> **Exercise objective**
Given the listing that follows, report all lines in which the string "resX" occurs.

-------- Data to process

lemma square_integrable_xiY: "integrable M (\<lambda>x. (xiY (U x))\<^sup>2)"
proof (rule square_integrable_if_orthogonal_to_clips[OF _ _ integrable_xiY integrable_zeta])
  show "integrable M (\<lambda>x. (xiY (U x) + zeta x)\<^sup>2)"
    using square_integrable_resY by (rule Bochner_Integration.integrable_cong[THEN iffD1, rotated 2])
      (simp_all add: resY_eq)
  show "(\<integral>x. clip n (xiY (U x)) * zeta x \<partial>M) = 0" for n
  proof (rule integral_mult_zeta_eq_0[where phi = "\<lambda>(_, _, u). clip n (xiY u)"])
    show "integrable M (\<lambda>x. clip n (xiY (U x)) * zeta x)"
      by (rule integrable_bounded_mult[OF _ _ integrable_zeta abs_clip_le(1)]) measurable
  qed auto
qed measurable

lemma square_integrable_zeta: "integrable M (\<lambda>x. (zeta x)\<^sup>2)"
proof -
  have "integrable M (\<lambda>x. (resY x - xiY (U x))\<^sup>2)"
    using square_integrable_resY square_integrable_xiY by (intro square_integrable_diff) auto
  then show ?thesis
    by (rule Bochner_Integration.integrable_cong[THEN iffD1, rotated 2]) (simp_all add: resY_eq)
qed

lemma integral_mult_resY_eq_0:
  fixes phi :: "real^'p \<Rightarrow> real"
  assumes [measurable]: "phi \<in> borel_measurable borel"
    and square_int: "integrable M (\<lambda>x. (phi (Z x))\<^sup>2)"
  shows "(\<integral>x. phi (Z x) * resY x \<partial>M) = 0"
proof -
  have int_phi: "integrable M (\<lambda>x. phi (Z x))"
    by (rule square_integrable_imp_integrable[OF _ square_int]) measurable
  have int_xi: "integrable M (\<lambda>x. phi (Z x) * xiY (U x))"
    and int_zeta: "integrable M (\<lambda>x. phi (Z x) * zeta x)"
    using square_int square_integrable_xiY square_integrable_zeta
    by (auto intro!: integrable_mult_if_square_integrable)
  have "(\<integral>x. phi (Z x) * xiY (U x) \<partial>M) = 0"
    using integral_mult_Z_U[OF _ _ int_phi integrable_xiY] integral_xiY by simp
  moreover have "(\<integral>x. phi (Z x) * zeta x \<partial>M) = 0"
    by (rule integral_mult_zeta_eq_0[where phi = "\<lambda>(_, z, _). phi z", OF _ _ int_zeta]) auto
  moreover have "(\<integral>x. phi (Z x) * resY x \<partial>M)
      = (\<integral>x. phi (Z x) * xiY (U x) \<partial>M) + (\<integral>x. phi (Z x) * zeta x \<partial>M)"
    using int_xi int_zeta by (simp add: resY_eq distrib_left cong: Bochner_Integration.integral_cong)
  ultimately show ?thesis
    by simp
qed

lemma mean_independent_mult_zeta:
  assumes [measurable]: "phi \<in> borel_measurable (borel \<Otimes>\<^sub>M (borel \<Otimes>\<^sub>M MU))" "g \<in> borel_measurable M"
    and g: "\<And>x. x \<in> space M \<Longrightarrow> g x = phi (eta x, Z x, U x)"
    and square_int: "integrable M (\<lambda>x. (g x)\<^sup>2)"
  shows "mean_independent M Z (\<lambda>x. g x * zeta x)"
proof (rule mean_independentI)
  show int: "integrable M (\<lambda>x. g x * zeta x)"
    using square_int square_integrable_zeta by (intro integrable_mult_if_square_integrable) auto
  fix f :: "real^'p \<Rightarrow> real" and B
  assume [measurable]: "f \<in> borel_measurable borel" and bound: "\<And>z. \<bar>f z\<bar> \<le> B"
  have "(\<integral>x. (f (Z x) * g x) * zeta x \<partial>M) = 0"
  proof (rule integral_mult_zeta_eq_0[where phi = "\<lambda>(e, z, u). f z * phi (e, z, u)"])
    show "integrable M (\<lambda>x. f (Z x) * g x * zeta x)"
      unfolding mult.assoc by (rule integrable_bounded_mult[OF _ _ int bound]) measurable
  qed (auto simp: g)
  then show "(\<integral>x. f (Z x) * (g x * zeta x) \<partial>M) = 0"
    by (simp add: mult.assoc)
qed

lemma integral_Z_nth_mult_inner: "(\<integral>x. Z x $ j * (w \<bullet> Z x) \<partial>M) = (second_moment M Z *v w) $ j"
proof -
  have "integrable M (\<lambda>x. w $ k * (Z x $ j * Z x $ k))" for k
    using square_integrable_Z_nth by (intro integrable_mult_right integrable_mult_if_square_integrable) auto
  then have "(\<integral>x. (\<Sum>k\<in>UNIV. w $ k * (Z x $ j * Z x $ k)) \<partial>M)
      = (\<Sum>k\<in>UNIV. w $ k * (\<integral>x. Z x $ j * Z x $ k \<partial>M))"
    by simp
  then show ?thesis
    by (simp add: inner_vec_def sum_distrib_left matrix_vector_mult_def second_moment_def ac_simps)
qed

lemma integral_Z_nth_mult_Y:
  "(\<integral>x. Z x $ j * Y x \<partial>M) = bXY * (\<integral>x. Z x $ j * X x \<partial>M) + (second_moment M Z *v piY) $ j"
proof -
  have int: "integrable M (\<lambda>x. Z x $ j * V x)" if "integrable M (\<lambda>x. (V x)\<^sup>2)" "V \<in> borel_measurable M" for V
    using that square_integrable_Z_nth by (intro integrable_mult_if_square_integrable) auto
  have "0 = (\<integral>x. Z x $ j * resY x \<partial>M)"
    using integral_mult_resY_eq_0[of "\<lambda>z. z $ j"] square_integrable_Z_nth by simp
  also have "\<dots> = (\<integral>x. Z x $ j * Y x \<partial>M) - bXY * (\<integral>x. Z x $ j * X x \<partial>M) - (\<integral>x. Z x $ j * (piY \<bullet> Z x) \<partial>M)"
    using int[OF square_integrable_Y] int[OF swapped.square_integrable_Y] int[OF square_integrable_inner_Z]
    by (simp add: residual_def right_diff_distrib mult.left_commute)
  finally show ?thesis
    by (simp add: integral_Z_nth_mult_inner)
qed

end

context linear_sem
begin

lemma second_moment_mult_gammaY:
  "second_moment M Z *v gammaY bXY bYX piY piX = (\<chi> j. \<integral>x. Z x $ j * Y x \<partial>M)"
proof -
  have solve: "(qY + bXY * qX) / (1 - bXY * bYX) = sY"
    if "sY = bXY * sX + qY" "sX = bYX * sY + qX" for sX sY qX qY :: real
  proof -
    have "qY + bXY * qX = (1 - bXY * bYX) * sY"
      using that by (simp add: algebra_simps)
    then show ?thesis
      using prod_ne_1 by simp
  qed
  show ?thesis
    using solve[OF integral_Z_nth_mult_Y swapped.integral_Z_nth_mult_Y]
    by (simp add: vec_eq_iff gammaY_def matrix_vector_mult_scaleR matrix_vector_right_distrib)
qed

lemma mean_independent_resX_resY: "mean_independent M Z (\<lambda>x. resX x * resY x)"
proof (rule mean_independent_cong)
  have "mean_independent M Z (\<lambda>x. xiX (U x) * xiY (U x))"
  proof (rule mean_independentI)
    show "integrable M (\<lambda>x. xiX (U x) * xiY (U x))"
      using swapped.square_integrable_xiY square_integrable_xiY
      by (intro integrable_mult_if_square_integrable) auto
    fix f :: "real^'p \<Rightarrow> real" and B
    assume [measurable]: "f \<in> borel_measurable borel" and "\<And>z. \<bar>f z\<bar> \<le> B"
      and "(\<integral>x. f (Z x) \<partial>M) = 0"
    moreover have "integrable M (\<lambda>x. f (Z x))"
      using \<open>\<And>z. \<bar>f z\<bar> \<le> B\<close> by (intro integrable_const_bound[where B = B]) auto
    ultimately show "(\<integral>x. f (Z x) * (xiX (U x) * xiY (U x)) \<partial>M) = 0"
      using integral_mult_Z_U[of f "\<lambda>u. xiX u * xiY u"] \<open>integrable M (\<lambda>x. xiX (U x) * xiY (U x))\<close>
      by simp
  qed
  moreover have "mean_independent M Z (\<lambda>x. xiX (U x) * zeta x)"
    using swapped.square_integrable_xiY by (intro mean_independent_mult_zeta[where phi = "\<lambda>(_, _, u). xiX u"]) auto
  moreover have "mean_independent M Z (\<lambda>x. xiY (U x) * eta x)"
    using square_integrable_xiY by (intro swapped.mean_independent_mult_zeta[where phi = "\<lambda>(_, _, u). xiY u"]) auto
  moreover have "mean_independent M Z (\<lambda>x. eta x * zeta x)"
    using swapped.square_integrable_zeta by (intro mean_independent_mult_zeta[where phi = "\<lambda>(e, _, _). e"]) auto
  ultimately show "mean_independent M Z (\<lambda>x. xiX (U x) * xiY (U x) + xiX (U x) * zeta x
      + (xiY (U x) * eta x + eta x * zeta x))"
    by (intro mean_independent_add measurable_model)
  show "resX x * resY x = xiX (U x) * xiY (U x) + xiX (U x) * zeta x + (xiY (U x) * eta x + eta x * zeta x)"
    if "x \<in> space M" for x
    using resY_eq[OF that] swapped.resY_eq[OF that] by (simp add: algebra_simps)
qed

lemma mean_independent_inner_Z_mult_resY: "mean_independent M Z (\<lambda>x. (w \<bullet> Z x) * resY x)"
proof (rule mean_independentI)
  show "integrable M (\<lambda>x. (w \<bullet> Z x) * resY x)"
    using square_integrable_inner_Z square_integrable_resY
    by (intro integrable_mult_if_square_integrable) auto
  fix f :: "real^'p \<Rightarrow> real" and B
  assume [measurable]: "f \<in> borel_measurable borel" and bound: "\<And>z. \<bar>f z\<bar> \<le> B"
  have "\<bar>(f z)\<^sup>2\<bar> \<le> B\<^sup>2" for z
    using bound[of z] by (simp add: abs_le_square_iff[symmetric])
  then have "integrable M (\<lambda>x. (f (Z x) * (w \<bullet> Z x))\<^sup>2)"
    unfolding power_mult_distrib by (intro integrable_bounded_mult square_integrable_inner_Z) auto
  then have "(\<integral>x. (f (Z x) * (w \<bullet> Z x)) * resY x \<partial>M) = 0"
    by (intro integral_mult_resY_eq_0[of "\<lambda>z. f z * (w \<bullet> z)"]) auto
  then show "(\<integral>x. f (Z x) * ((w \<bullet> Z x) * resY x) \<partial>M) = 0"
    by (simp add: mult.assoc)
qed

----------------

> **Output below**
lemma mean_independent_resX_resY: "mean_independent M Z (\<lambda>x. resX x * resY x)"
  show "resX x * resY x = xiX (U x) * xiY (U x) + xiX (U x) * zeta x + (xiY (U x) * eta x + eta x * zeta x)"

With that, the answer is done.